(Dataset entries)
==================================================
(* Let $\beta>1$ be a Yrrap number. For $w\in\mathcal{L}(\Sigma_{-\beta})$ let $g_\beta(w)$ be the minimal integer $i\ge0$ such that there exist $v\in\mathcal{L}_i(\Sigma_{-\beta})$ and integers $0\le c<d\le b$ with $wvc,wvd\in\mathcal{L}(\Sigma_{-\beta})$, and let $g_\beta(n)=\sup_{w\in\mathcal{L}_n(\Sigma_{-\beta})}g_\beta(w)$. If $\lim_{n\to\infty}g_\beta(n)/n=0$, then $$\liminf_{n\to\infty}\inf_{w\in\mathcal{L}_n(\Sigma_{-\beta})}\Big(\frac1n\log L_{-\beta}([w])+\log\beta\Big)\ge0.$$
   Context: $(-\beta)$-transformation: $b=\max\{k\in\mathbb{Z}:k<\beta\}$, $I_i=(i/\beta,(i+1)/\beta)$ ($0\le i\le b-1$), $I_b=(b/\beta,1)$, $T_{-\beta}(x)=-\beta x+(i+1)$ on $I_i$; for $x\notin\bigcup_{i\ge0}T_{-\beta}^{-i}\{0,1/\beta,\dots,b/\beta,1\}$, $(i'(x))_k=j$ iff $T_{-\beta}^k(x)\in I_j$; $i'(1)=\lim_{x\to1^-}i'(x)$. Case 1: $i'(1)=(w0)^\infty$ for some finite word $w$; then $T_{-\beta}(0)=1$, $T_{-\beta}(i/\beta)=0$ ($1\le i\le b$), $T_{-\beta}(1)=\lim_{x\to1^-}T_{-\beta}(x)$. Case 2: otherwise; $T_{-\beta}(0)=1$, $T_{-\beta}(i/\beta)=1$ ($1\le i\le b$), $T_{-\beta}(1)=\lim_{x\to1^-}T_{-\beta}(x)$. Yrrap: the $T_{-\beta}$-orbit of $1$ is eventually periodic. $\Sigma_{-\beta}$: closure in $\{0,\dots,b\}^{\mathbb{Z}_+}$ of the set of $i'(x)$ over non-preimages $x$ of partition points, with shift $\sigma$; $\mathcal{L}(\Sigma_{-\beta})$ its language, $\mathcal{L}_n$ words of length $n$, $[w]$ cylinder sets. $\Phi\colon[0,1]\to\Sigma_{-\beta}$: in Case 1 let $J_0=[0,1/\beta]$, $J_i=(i/\beta,(i+1)/\beta]$ ($1\le i\le b-1$), $J_b=(b/\beta,1]$; in Case 2 let $J_i=[i/\beta,(i+1)/\beta)$ ($0\le i\le b-1$), $J_b=[b/\beta,1]$; $(\Phi(x))_i=j$ iff $T_{-\beta}^i(x)\in J_j$. $L_{-\beta}=L\circ\Phi^{-1}$, $L$ Lebesgue measure. *)

theory Defs
  imports "HOL-Analysis.Analysis"
begin

definition bnum :: "real \<Rightarrow> nat" where
  "bnum \<beta> = nat (GREATEST k::int. of_int k < \<beta>)"

text \<open>Generic formula of T on the open intervals I_i: T x = -beta x + (i+1) where i = floor(beta x).\<close>
definition Tgen :: "real \<Rightarrow> real \<Rightarrow> real" where
  "Tgen \<beta> x = of_int \<lfloor>\<beta> * x\<rfloor> + 1 - \<beta> * x"

definition ppts :: "real \<Rightarrow> real set" where
  "ppts \<beta> = {1} \<union> {real i / \<beta> | i. i \<le> bnum \<beta>}"

definition Gset :: "real \<Rightarrow> real set" where
  "Gset \<beta> = {x \<in> {0..1}. \<forall>k. (Tgen \<beta> ^^ k) x \<notin> ppts \<beta>}"

text \<open>The coding i'(x) of non-preimages: digit k is j iff T^k x lies in I_j.\<close>
definition idig :: "real \<Rightarrow> real \<Rightarrow> nat \<Rightarrow> nat" where
  "idig \<beta> x k = nat \<lfloor>\<beta> * (Tgen \<beta> ^^ k) x\<rfloor>"

text \<open>i'(1) = lim_{x -> 1^-} i'(x) (product topology on sequences of naturals).\<close>
definition ione :: "real \<Rightarrow> nat \<Rightarrow> nat" where
  "ione \<beta> = (THE s. (idig \<beta> \<longlongrightarrow> s) (at 1 within Gset \<beta>))"

definition case1 :: "real \<Rightarrow> bool" where
  "case1 \<beta> \<longleftrightarrow> (\<exists>w::nat list. ione \<beta> = (\<lambda>k. (w @ [0]) ! (k mod (length w + 1))))"

definition Tfull :: "real \<Rightarrow> real \<Rightarrow> real" where
  "Tfull \<beta> x =
     (if x = 0 then 1
      else if x = 1 then Lim (at_left 1) (Tgen \<beta>)
      else if x \<in> {real i / \<beta> | i. 1 \<le> i \<and> i \<le> bnum \<beta>} then (if case1 \<beta> then 0 else 1)
      else Tgen \<beta> x)"

definition yrrap :: "real \<Rightarrow> bool" where
  "yrrap \<beta> \<longleftrightarrow> (\<exists>m p. p > 0 \<and> (Tfull \<beta> ^^ (m + p)) 1 = (Tfull \<beta> ^^ m) 1)"

definition Sigma_mb :: "real \<Rightarrow> (nat \<Rightarrow> nat) set" where
  "Sigma_mb \<beta> = closure (idig \<beta> ` Gset \<beta>)"

definition lang :: "real \<Rightarrow> nat list set" where
  "lang \<beta> = {w. \<exists>s\<in>Sigma_mb \<beta>. \<exists>k. \<forall>j<length w. s (k + j) = w ! j}"

definition langn :: "real \<Rightarrow> nat \<Rightarrow> nat list set" where
  "langn \<beta> n = {w \<in> lang \<beta>. length w = n}"

definition cyl :: "real \<Rightarrow> nat list \<Rightarrow> (nat \<Rightarrow> nat) set" where
  "cyl \<beta> w = {s \<in> Sigma_mb \<beta>. \<forall>j<length w. s j = w ! j}"

definition Jset :: "real \<Rightarrow> nat \<Rightarrow> real set" where
  "Jset \<beta> j =
     (if case1 \<beta> then
        (if j = 0 then {0..1/\<beta>}
         else if j < bnum \<beta> then {real j/\<beta><..(real j + 1)/\<beta>}
         else {real (bnum \<beta>)/\<beta><..1})
      else
        (if j < bnum \<beta> then {real j/\<beta>..<(real j + 1)/\<beta>}
         else {real (bnum \<beta>)/\<beta>..1}))"

definition Phi :: "real \<Rightarrow> real \<Rightarrow> nat \<Rightarrow> nat" where
  "Phi \<beta> x i = (THE j. j \<le> bnum \<beta> \<and> (Tfull \<beta> ^^ i) x \<in> Jset \<beta> j)"

text \<open>L_{-beta} = Lebesgue measure on [0,1] pushed forward by Phi, evaluated on a cylinder.\<close>
definition Lmb :: "real \<Rightarrow> nat list \<Rightarrow> real" where
  "Lmb \<beta> w = measure lborel {x \<in> {0..1}. Phi \<beta> x \<in> cyl \<beta> w}"

text \<open>g_beta(w) and g_beta(n), valued in the extended reals (Inf of empty set = infinity).\<close>
definition gw :: "real \<Rightarrow> nat list \<Rightarrow> ereal" where
  "gw \<beta> w = Inf {ereal (real i) | i. \<exists>v \<in> langn \<beta> i. \<exists>c d. c < d \<and> d \<le> bnum \<beta> \<and>
                     w @ v @ [c] \<in> lang \<beta> \<and> w @ v @ [d] \<in> lang \<beta>}"

definition gn :: "real \<Rightarrow> nat \<Rightarrow> ereal" where
  "gn \<beta> n = (SUP w \<in> langn \<beta> n. gw \<beta> w)"

definition elog :: "real \<Rightarrow> ereal" where
  "elog x = (if x > 0 then ereal (ln x) else -\<infinity>)"

end

theory Submission
  imports Defs
begin

text \<open>
  The orbit of 1 is finite (Yrrap), so the endpoints of the intervals T^k[u], for cylinders
  [u] of length k, range over a finite set of orbit points, which keeps a distance
  delta > 0 from the partition points. On [u] the map T^k is affine with slope
  +-beta^k. If wv can be followed by two digits c < d, then T^|wv|[wv] contains points on
  both sides of d/beta, so it has length at least delta, whence
  L([w]) >= L([wv]) >= delta beta^-|wv|. Taking |v| <= g(n) = o(n) gives the bound.
\<close>

lemma bnum_bounds:
  assumes "\<beta> > 1"
  shows int_bnum: "int (bnum \<beta>) = \<lceil>\<beta>\<rceil> - 1"
    and bnum_less: "real (bnum \<beta>) < \<beta>"
    and le_bnum_Suc: "\<beta> \<le> real (bnum \<beta>) + 1"
proof -
  have "(GREATEST k::int. of_int k < \<beta>) = \<lceil>\<beta>\<rceil> - 1"
  proof (rule Greatest_equality)
    fix k :: int
    assume "of_int k < \<beta>"
    then have "real_of_int k < real_of_int \<lceil>\<beta>\<rceil>"
      using le_of_int_ceiling[of \<beta>] by linarith
    then show "k \<le> \<lceil>\<beta>\<rceil> - 1"
      by simp
  qed linarith
  moreover have "\<lceil>\<beta>\<rceil> \<ge> 2"
    using assms by (simp add: less_ceiling_iff)
  ultimately show "int (bnum \<beta>) = \<lceil>\<beta>\<rceil> - 1"
    unfolding bnum_def by simp
  then have "real (bnum \<beta>) = real_of_int \<lceil>\<beta>\<rceil> - 1"
    by (metis of_int_1 of_int_diff of_int_of_nat_eq)
  then show "real (bnum \<beta>) < \<beta>" "\<beta> \<le> real (bnum \<beta>) + 1"
    by linarith+
qed

lemma Tgen_eq: "\<lfloor>\<beta> * x\<rfloor> = a \<Longrightarrow> Tgen \<beta> x = of_int a + 1 - \<beta> * x"
  unfolding Tgen_def by simp

lemma Tgen_pos: "0 < Tgen \<beta> x" and Tgen_le_1: "Tgen \<beta> x \<le> 1"
  unfolding Tgen_def by linarith+

lemma Tgen_funpow_in_unit: "x \<in> {0..1} \<Longrightarrow> (Tgen \<beta> ^^ k) x \<in> {0..1}"
  by (cases k) (auto simp: less_imp_le[OF Tgen_pos] Tgen_le_1)

lemma finite_ppts: "finite (ppts \<beta>)"
proof -
  have "{real i / \<beta> | i. i \<le> bnum \<beta>} = (\<lambda>i. real i / \<beta>) ` {..bnum \<beta>}"
    by auto
  then show ?thesis
    unfolding ppts_def by simp
qed

lemma divide_in_ppts: "d \<le> bnum \<beta> \<Longrightarrow> real d / \<beta> \<in> ppts \<beta>"
  unfolding ppts_def by blast

lemma Gset_funpow: "x \<in> Gset \<beta> \<Longrightarrow> (Tgen \<beta> ^^ k) x \<in> Gset \<beta>"
proof -
  assume x: "x \<in> Gset \<beta>"
  have "(Tgen \<beta> ^^ k) x \<in> {0..1}"
    using x Tgen_funpow_in_unit unfolding Gset_def by blast
  moreover have "(Tgen \<beta> ^^ m) ((Tgen \<beta> ^^ k) x) \<notin> ppts \<beta>" for m
  proof -
    have "(Tgen \<beta> ^^ m) ((Tgen \<beta> ^^ k) x) = (Tgen \<beta> ^^ (m + k)) x"
      by (simp add: funpow_add)
    then show ?thesis
      using x unfolding Gset_def by simp
  qed
  ultimately show ?thesis
    unfolding Gset_def by blast
qed

lemma Gset_not_ppts: "x \<in> Gset \<beta> \<Longrightarrow> x \<notin> ppts \<beta>"
  unfolding Gset_def by (metis (mono_tags, lifting) funpow_0 mem_Collect_eq)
==================================================
The answer should be a number alone: the count of lines in the records that hold the word "delta".

3